Stored data entries
****************************************
lemma linear_lower_bound_if_deriv_mono:
  fixes r g :: "real \<Rightarrow> real"
  assumes deriv: "\<And>t. t0 \<le> t \<Longrightarrow> (r has_real_derivative g (r t)) (at t)"
    and range: "\<And>t. t0 \<le> t \<Longrightarrow> a < r t"
    and nonneg: "\<And>x. a < x \<Longrightarrow> 0 \<le> g x" and mono: "mono_on {a<..} g"
    and "t0 \<le> t"
  shows "r t0 + g (r t0) * (t - t0) \<le> r t"
proof -
  have r_mono: "r t0 \<le> r s" if "t0 \<le> s" for s
    using that deriv range nonneg by (intro deriv_nonneg_imp_mono[of t0 s r "\<lambda>s. g (r s)"]) auto
  have "r t0 - g (r t0) * t0 \<le> r t - g (r t0) * t"
  proof (rule deriv_nonneg_imp_mono[OF _ _ \<open>t0 \<le> t\<close>])
    fix s assume "s \<in> {t0..t}"
    then show "((\<lambda>s. r s - g (r t0) * s) has_real_derivative g (r s) - g (r t0)) (at s)"
      by (auto intro!: derivative_eq_intros deriv)
    show "0 \<le> g (r s) - g (r t0)"
      using \<open>s \<in> {t0..t}\<close> range r_mono by (auto intro: mono_onD[OF mono])
  qed
  then show ?thesis by (simp add: algebra_simps)
qed

lemma ln_unbounded_if_linear_lower_bound:
  fixes r :: "real \<Rightarrow> real"
  assumes "0 < \<delta>" "0 < r t0" and grow: "\<And>t. t0 \<le> t \<Longrightarrow> r t0 + \<delta> * (t - t0) \<le> r t"
  shows "\<not> (\<exists>C. \<forall>t\<ge>t0. ln (r t) \<le> C)"
proof
  assume "\<exists>C. \<forall>t\<ge>t0. ln (r t) \<le> C"
  then obtain C where C: "\<And>t. t0 \<le> t \<Longrightarrow> ln (r t) \<le> C" by blast
  define t where "t = t0 + exp C / \<delta>"
  have "t0 \<le> t" using \<open>0 < \<delta>\<close> by (simp add: t_def)
  have "exp C < r t"
    using grow[OF \<open>t0 \<le> t\<close>] \<open>0 < \<delta>\<close> \<open>0 < r t0\<close> by (simp add: t_def)
  then have "C < ln (r t)" using ln_less_cancel_iff[of "exp C" "r t"] exp_gt_zero[of C] by simp
  then show False using C[OF \<open>t0 \<le> t\<close>] by simp
qed

definition instanton_rhs_plus :: "real \<Rightarrow> real \<Rightarrow> real \<Rightarrow> real \<Rightarrow> real" where
  "instanton_rhs_plus a b p m = p / a * (1 - a\<^sup>2 / b\<^sup>2 - p) + m\<^sup>2 * a / b\<^sup>2"

definition instanton_rhs_minus :: "real \<Rightarrow> real \<Rightarrow> real \<Rightarrow> real" where
  "instanton_rhs_minus a p m = 2 * m / a * (p - 1)"

lemma instanton_rhs_minus_nonneg:
  "0 < a \<Longrightarrow> 1 \<le> p \<Longrightarrow> 0 \<le> m \<Longrightarrow> 0 \<le> instanton_rhs_minus a p m"
  by (simp add: instanton_rhs_minus_def)

lemma instanton_rhs_plus_pos_at_one:
  assumes "0 < a" "0 < b" "1 < m"
  shows "0 < instanton_rhs_plus a b 1 m"
proof -
  have "instanton_rhs_plus a b 1 m = (m\<^sup>2 - 1) * a / b\<^sup>2"
    using assms by (simp add: instanton_rhs_plus_def field_simps power2_eq_square)
  moreover have "1 < m\<^sup>2" using assms by (simp add: one_less_power)
  ultimately show ?thesis using assms by simp
qed

lemma instanton_rhs_lyapunov:
  assumes "0 < a" "a \<le> b" "1 < p" "p \<le> M" "0 < c" "c \<le> m"
  shows "(c\<^sup>2 - 1) * (a / b\<^sup>2)
    \<le> instanton_rhs_plus a b p m + (M + 1) * (instanton_rhs_minus a p m / m)"
proof -
  define q where "q = a\<^sup>2 / b\<^sup>2"
  have "q \<le> 1" "0 \<le> q"
    using assms by (auto simp: q_def divide_le_eq_1 power_mono)
  have "c\<^sup>2 \<le> m\<^sup>2" using assms by (simp add: power_mono)
  have "b \<noteq> 0" using assms by auto
  have minus: "instanton_rhs_minus a p m / m = 2 * (p - 1) / a"
    using assms by (simp add: instanton_rhs_minus_def)
  have ratio: "a / b\<^sup>2 = q / a"
    using assms by (simp add: q_def power2_eq_square)
  have plus: "instanton_rhs_plus a b p m = (p * (1 - q - p) + m\<^sup>2 * q) / a"
    using assms unfolding instanton_rhs_plus_def q_def[symmetric] times_divide_eq_right[symmetric] ratio
    by (simp add: field_simps)
  have "a * (instanton_rhs_plus a b p m + (M + 1) * (instanton_rhs_minus a p m / m)
      - (c\<^sup>2 - 1) * (a / b\<^sup>2))
    = (p - 1) * (2 * (M + 1) - p - q) + (m\<^sup>2 - c\<^sup>2) * q"
    unfolding minus ratio plus using assms by (simp add: field_simps power2_eq_square)
  also have "\<dots> \<ge> 0"
    using assms \<open>q \<le> 1\<close> \<open>0 \<le> q\<close> \<open>c\<^sup>2 \<le> m\<^sup>2\<close> by (intro add_nonneg_nonneg mult_nonneg_nonneg) auto
  finally show ?thesis using \<open>0 < a\<close> by (simp add: zero_le_mult_iff)
qed

locale instanton_solution =
  fixes A B fp fm :: "real \<Rightarrow> real" and t0 :: real
  assumes A_pos: "\<And>t. t0 \<le> t \<Longrightarrow> 0 < A t"
    and B_pos: "\<And>t. t0 \<le> t \<Longrightarrow> 0 < B t"
    and fp_deriv: "\<And>t. t0 \<le> t \<Longrightarrow>
      (fp has_real_derivative instanton_rhs_plus (A t) (B t) (fp t) (fm t)) (at t within {t0..})"
    and fm_deriv: "\<And>t. t0 \<le> t \<Longrightarrow>
      (fm has_real_derivative instanton_rhs_minus (A t) (fp t) (fm t)) (at t within {t0..})"
begin

lemma continuous_on_fp: "continuous_on {t0..} fp"
  unfolding continuous_on_eq_continuous_within using fp_deriv DERIV_continuous by blast

lemma continuous_on_fm: "continuous_on {t0..} fm"
  unfolding continuous_on_eq_continuous_within using fm_deriv DERIV_continuous by blast

lemma fm_mono_while_fp_gt_1:
  assumes "t0 \<le> \<tau>" and R: "\<And>t. t0 \<le> t \<Longrightarrow> t < \<tau> \<Longrightarrow> 1 < fp t \<and> 0 < fm t"
  shows "fm t0 \<le> fm \<tau>"
proof (rule nondecreasing_if_deriv_nonneg_within_atLeast[OF fm_deriv _ \<open>t0 \<le> \<tau>\<close>])
  fix t assume "t0 < t" "t < \<tau>"
  then show "0 \<le> instanton_rhs_minus (A t) (fp t) (fm t)"
    using R[of t] A_pos[of t] by (simp add: instanton_rhs_minus_nonneg)
qed

lemma R_infinity_forward_invariant:
  assumes init: "1 < fp t0" "1 < fm t0" and "t0 \<le> t"
  shows "1 < fp t \<and> 1 < fm t"
proof (rule ccontr)
  let ?g = "\<lambda>t. min (fp t) (fm t)"
  assume "\<not> ?thesis"
  then have "?g t \<le> 1" by auto
  then obtain \<tau> where "t0 < \<tau>" "?g \<tau> = 1" and before: "\<And>s. t0 \<le> s \<Longrightarrow> s < \<tau> \<Longrightarrow> 1 < ?g s"
    using first_hitting_time[of t0 ?g] continuous_on_min[OF continuous_on_fp continuous_on_fm]
      init \<open>t0 \<le> t\<close> by auto
  have "fm t0 \<le> fm \<tau>"
    using before \<open>t0 < \<tau>\<close> by (intro fm_mono_while_fp_gt_1) force+
  with init \<open>?g \<tau> = 1\<close> have "fp \<tau> = 1" "1 < fm \<tau>" by auto
  then have "0 < instanton_rhs_plus (A \<tau>) (B \<tau>) (fp \<tau>) (fm \<tau>)"
    using \<open>t0 < \<tau>\<close> by (simp add: instanton_rhs_plus_pos_at_one A_pos B_pos)
  moreover have "instanton_rhs_plus (A \<tau>) (B \<tau>) (fp \<tau>) (fm \<tau>) \<le> 0"
    using \<open>t0 < \<tau>\<close> before \<open>fp \<tau> = 1\<close>
    by (intro has_real_derivative_nonpos_if_left_above[OF fp_deriv, of \<tau> t0]) force+
  ultimately show False by simp
qed

lemma potential_bdd_above_if_bounded:
  assumes init: "1 < fp t0" "1 < fm t0"
    and A_le_B: "\<And>t. t0 \<le> t \<Longrightarrow> A t \<le> B t"
    and L_deriv: "\<And>t. t0 \<le> t \<Longrightarrow> (L has_real_derivative A t / (B t)\<^sup>2) (at t within {t0..})"
    and bounded: "\<And>t. t0 \<le> t \<Longrightarrow> fp t \<le> M \<and> fm t \<le> M"
  shows "\<exists>C. \<forall>t\<ge>t0. L t \<le> C"
proof -
  define c where "c = fm t0"
  define \<Phi> where "\<Phi> t = fp t + (M + 1) * ln (fm t) - (c\<^sup>2 - 1) * L t" for t
  have R_inf: "1 < fp t" "1 < fm t" if "t0 \<le> t" for t
    using R_infinity_forward_invariant[OF init that] by auto
  have \<Phi>_mono: "\<Phi> t0 \<le> \<Phi> t" if "t0 \<le> t" for t
  proof (rule nondecreasing_if_deriv_nonneg_within_atLeast[OF _ _ that])
    fix s assume "t0 \<le> s"
    show "(\<Phi> has_real_derivative instanton_rhs_plus (A s) (B s) (fp s) (fm s)
        + (M + 1) * (instanton_rhs_minus (A s) (fp s) (fm s) / fm s)
        - (c\<^sup>2 - 1) * (A s / (B s)\<^sup>2)) (at s within {t0..})"
      unfolding \<Phi>_def using R_inf[OF \<open>t0 \<le> s\<close>]
      by (auto intro!: derivative_eq_intros fp_deriv fm_deriv L_deriv \<open>t0 \<le> s\<close>
          simp: divide_inverse mult.commute)
  next
    fix s assume "t0 < s" "s < t"
    then have "fm t0 \<le> fm s"
      using R_inf by (intro fm_mono_while_fp_gt_1) force+
    then show "0 \<le> instanton_rhs_plus (A s) (B s) (fp s) (fm s)
        + (M + 1) * (instanton_rhs_minus (A s) (fp s) (fm s) / fm s)
        - (c\<^sup>2 - 1) * (A s / (B s)\<^sup>2)"
      using instanton_rhs_lyapunov[of "A s" "B s" "fp s" M c "fm s"] \<open>t0 < s\<close>
        A_pos A_le_B R_inf bounded init by (simp add: c_def)
  qed
  have "(c\<^sup>2 - 1) * L t \<le> M + (M + 1) * ln M - \<Phi> t0" if "t0 \<le> t" for t
  proof -
    have "ln (fm t) \<le> ln M" "0 \<le> M + 1"
      using bounded[OF that] R_inf[OF that] by auto
    then show ?thesis
      using \<Phi>_mono[OF that] bounded[OF that] mult_left_mono unfolding \<Phi>_def by fastforce
  qed
  moreover have "0 < c\<^sup>2 - 1" using init by (simp add: c_def one_less_power)
  ultimately have "\<forall>t\<ge>t0. L t \<le> (M + (M + 1) * ln M - \<Phi> t0) / (c\<^sup>2 - 1)"
    by (simp add: pos_le_divide_eq mult.commute)
  then show ?thesis ..
qed

end

(* Since r = sqrt 3 * B, the equation for B says r' = sqrt 3 * A / B = BS_speed r. *)
definition BS_speed :: "real \<Rightarrow> real" where
  "BS_speed x = sqrt (1 - 1 / x ^ 3)"

lemma BS_speed_pos: "1 < x \<Longrightarrow> 0 < BS_speed x"
  by (simp add: BS_speed_def)

lemma BS_speed_mono: "mono_on {1<..} BS_speed"
proof (rule mono_onI)
  fix x y :: real assume "x \<in> {1<..}" "y \<in> {1<..}" "x \<le> y"
  then have "1 / y ^ 3 \<le> 1 / x ^ 3" by (simp add: frac_le power_mono)
  then show "BS_speed x \<le> BS_speed y" by (simp add: BS_speed_def)
qed

lemma BS_A_pos: "1 < x \<Longrightarrow> 0 < BS_A x"
  by (simp add: BS_A_def)

lemma BS_B_pos: "1 < x \<Longrightarrow> 0 < BS_B x"
  by (simp add: BS_B_def)

lemma BS_A_le_BS_B:
  assumes "1 < x" shows "BS_A x \<le> BS_B x"
proof -
  have "sqrt 3 \<le> (3::real)"
    using real_sqrt_le_mono[of 3 9] by simp
  have "BS_A x \<le> x / 3"
    using assms by (simp add: BS_A_def mult_left_le)
  also have "\<dots> \<le> x / sqrt 3"
    using assms \<open>sqrt 3 \<le> 3\<close> by (intro divide_left_mono) auto
  finally show ?thesis by (simp add: BS_B_def)
qed

lemma BS_speed_eq: "0 < x \<Longrightarrow> BS_speed x = sqrt 3 * (BS_A x / BS_B x)"
  by (simp add: BS_speed_def BS_A_def BS_B_def field_simps)

lemma BS_A_div_BS_B_sq: "0 < x \<Longrightarrow> BS_A x / (BS_B x)\<^sup>2 = BS_speed x / x"
  by (simp add: BS_speed_def BS_A_def BS_B_def power2_eq_square field_simps)

lemma BS_radius_deriv:
  assumes "((\<lambda>s. BS_B (r s)) has_real_derivative BS_A (r t) / BS_B (r t)) (at t)" "0 < r t"
  shows "(r has_real_derivative BS_speed (r t)) (at t)"
  using DERIV_cmult[OF assms(1), of "sqrt 3"] assms(2) by (simp add: BS_speed_eq BS_B_def)

lemma BS_ln_radius_deriv:
  assumes "(r has_real_derivative BS_speed (r t)) (at t)" "0 < r t"
  shows "((\<lambda>t. ln (r t)) has_real_derivative BS_A (r t) / (BS_B (r t))\<^sup>2) (at t within S)"
proof -
  have "((\<lambda>t. ln (r t)) has_real_derivative inverse (r t) * BS_speed (r t)) (at t)"
    using assms by (intro DERIV_chain2[OF DERIV_ln])
  moreover have "inverse (r t) * BS_speed (r t) = BS_A (r t) / (BS_B (r t))\<^sup>2"
    using BS_A_div_BS_B_sq[OF \<open>0 < r t\<close>] by (simp only: divide_inverse_commute)
  ultimately show ?thesis by (simp add: has_field_derivative_at_within)
qed

lemma BS_ln_radius_unbounded:
  assumes r: "\<And>t. t0 \<le> t \<Longrightarrow> 1 < r t"
    and r_deriv: "\<And>t. t0 \<le> t \<Longrightarrow> (r has_real_derivative BS_speed (r t)) (at t)"
  shows "\<not> (\<exists>C. \<forall>t\<ge>t0. ln (r t) \<le> C)"
proof (rule ln_unbounded_if_linear_lower_bound)
  show "0 < BS_speed (r t0)" "0 < r t0"
    using r[OF order_refl] BS_speed_pos by auto
  show "r t0 + BS_speed (r t0) * (t - t0) \<le> r t" if "t0 \<le> t" for t
  proof (rule linear_lower_bound_if_deriv_mono[OF r_deriv r _ BS_speed_mono that])
    show "0 \<le> BS_speed x" if "1 < x" for x
      using BS_speed_pos[OF that] by simp
  qed
qed

lemma BS_instanton_solution:
  assumes r: "\<And>t. t0 \<le> t \<Longrightarrow> 1 < r t"
    and fp_ode: "\<forall>t\<ge>t0. (fp has_real_derivative
          fp t / BS_A (r t) * (1 - (BS_A (r t))\<^sup>2 / (BS_B (r t))\<^sup>2 - fp t)
          + (fm t)\<^sup>2 * BS_A (r t) / (BS_B (r t))\<^sup>2) (at t within {t0..})"
    and fm_ode: "\<forall>t\<ge>t0. (fm has_real_derivative
          2 * fm t / BS_A (r t) * (fp t - 1)) (at t within {t0..})"
  shows "instanton_solution (\<lambda>t. BS_A (r t)) (\<lambda>t. BS_B (r t)) fp fm t0"
proof
  fix t assume "t0 \<le> t"
  show "0 < BS_A (r t)" "0 < BS_B (r t)"
    using r[OF \<open>t0 \<le> t\<close>] by (simp_all add: BS_A_pos BS_B_pos)
  show "(fp has_real_derivative instanton_rhs_plus (BS_A (r t)) (BS_B (r t)) (fp t) (fm t))
      (at t within {t0..})"
    unfolding instanton_rhs_plus_def using fp_ode \<open>t0 \<le> t\<close> by blast
  show "(fm has_real_derivative instanton_rhs_minus (BS_A (r t)) (fp t) (fm t)) (at t within {t0..})"
    unfolding instanton_rhs_minus_def using fm_ode \<open>t0 \<le> t\<close> by blast
qed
****************************************
**Your instructions:**
Which lines above contain "definition"? Show each of them.

**Response:**
definition instanton_rhs_plus :: "real \<Rightarrow> real \<Rightarrow> real \<Rightarrow> real \<Rightarrow> real" where
definition instanton_rhs_minus :: "real \<Rightarrow> real \<Rightarrow> real \<Rightarrow> real" where
definition BS_speed :: "real \<Rightarrow> real" where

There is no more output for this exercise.